== Problem description ==
Among the entries below, find the lines with the word "copy" and return them.

== Supplied material ==
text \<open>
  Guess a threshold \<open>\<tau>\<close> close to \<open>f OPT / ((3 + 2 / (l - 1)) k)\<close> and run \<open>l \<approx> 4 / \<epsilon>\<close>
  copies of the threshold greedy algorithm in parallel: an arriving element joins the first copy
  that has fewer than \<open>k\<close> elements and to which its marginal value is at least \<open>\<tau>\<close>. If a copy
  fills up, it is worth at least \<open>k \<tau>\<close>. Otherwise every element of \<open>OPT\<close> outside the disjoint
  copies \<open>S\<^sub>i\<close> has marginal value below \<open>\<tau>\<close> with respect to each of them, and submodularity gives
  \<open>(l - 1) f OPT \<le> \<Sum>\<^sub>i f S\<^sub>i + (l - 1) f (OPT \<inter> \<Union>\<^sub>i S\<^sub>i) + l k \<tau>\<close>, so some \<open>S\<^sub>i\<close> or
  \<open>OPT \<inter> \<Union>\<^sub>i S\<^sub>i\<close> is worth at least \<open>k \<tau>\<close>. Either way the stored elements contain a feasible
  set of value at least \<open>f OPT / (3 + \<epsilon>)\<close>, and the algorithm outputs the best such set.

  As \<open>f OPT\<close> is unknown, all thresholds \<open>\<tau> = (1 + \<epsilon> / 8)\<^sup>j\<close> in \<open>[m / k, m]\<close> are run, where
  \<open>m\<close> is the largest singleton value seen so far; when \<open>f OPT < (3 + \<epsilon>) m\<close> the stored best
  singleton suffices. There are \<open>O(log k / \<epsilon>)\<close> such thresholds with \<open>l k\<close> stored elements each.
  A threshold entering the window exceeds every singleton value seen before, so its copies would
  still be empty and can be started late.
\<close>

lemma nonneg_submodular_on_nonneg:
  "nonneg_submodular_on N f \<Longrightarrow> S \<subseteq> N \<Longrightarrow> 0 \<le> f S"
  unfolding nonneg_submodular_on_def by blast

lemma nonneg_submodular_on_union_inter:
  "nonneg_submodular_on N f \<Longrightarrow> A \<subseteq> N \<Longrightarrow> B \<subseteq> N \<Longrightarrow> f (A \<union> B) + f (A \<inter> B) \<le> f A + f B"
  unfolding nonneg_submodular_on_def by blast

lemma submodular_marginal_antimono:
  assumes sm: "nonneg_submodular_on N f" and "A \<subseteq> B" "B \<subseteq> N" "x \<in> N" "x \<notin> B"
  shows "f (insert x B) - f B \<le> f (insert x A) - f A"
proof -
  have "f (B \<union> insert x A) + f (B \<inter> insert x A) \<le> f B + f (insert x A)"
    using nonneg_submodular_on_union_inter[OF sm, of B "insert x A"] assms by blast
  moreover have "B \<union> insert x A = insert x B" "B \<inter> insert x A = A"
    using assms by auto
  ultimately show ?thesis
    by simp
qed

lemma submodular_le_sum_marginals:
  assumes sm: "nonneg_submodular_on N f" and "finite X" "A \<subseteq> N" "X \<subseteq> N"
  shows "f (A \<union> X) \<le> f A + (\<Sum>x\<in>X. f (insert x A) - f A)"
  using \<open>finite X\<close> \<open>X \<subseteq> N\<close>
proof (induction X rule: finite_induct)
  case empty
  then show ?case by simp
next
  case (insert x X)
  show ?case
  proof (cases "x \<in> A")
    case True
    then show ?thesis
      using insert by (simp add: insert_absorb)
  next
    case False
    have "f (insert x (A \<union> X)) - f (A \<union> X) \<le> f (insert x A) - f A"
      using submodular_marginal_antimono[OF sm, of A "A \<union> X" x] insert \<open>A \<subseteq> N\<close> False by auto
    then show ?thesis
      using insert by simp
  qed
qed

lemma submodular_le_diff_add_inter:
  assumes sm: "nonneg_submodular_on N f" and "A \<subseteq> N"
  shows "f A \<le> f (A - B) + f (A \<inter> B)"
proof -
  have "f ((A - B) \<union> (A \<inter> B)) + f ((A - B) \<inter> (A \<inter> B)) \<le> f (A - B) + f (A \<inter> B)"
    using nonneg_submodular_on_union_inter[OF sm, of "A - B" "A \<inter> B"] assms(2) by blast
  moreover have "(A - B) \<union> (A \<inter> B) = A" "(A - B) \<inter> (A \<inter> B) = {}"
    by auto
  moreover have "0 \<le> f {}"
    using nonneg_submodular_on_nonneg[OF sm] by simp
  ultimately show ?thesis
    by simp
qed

== Task response ==
  copies of the threshold greedy algorithm in parallel: an arriving element joins the first copy
  that has fewer than \<open>k\<close> elements and to which its marginal value is at least \<open>\<tau>\<close>. If a copy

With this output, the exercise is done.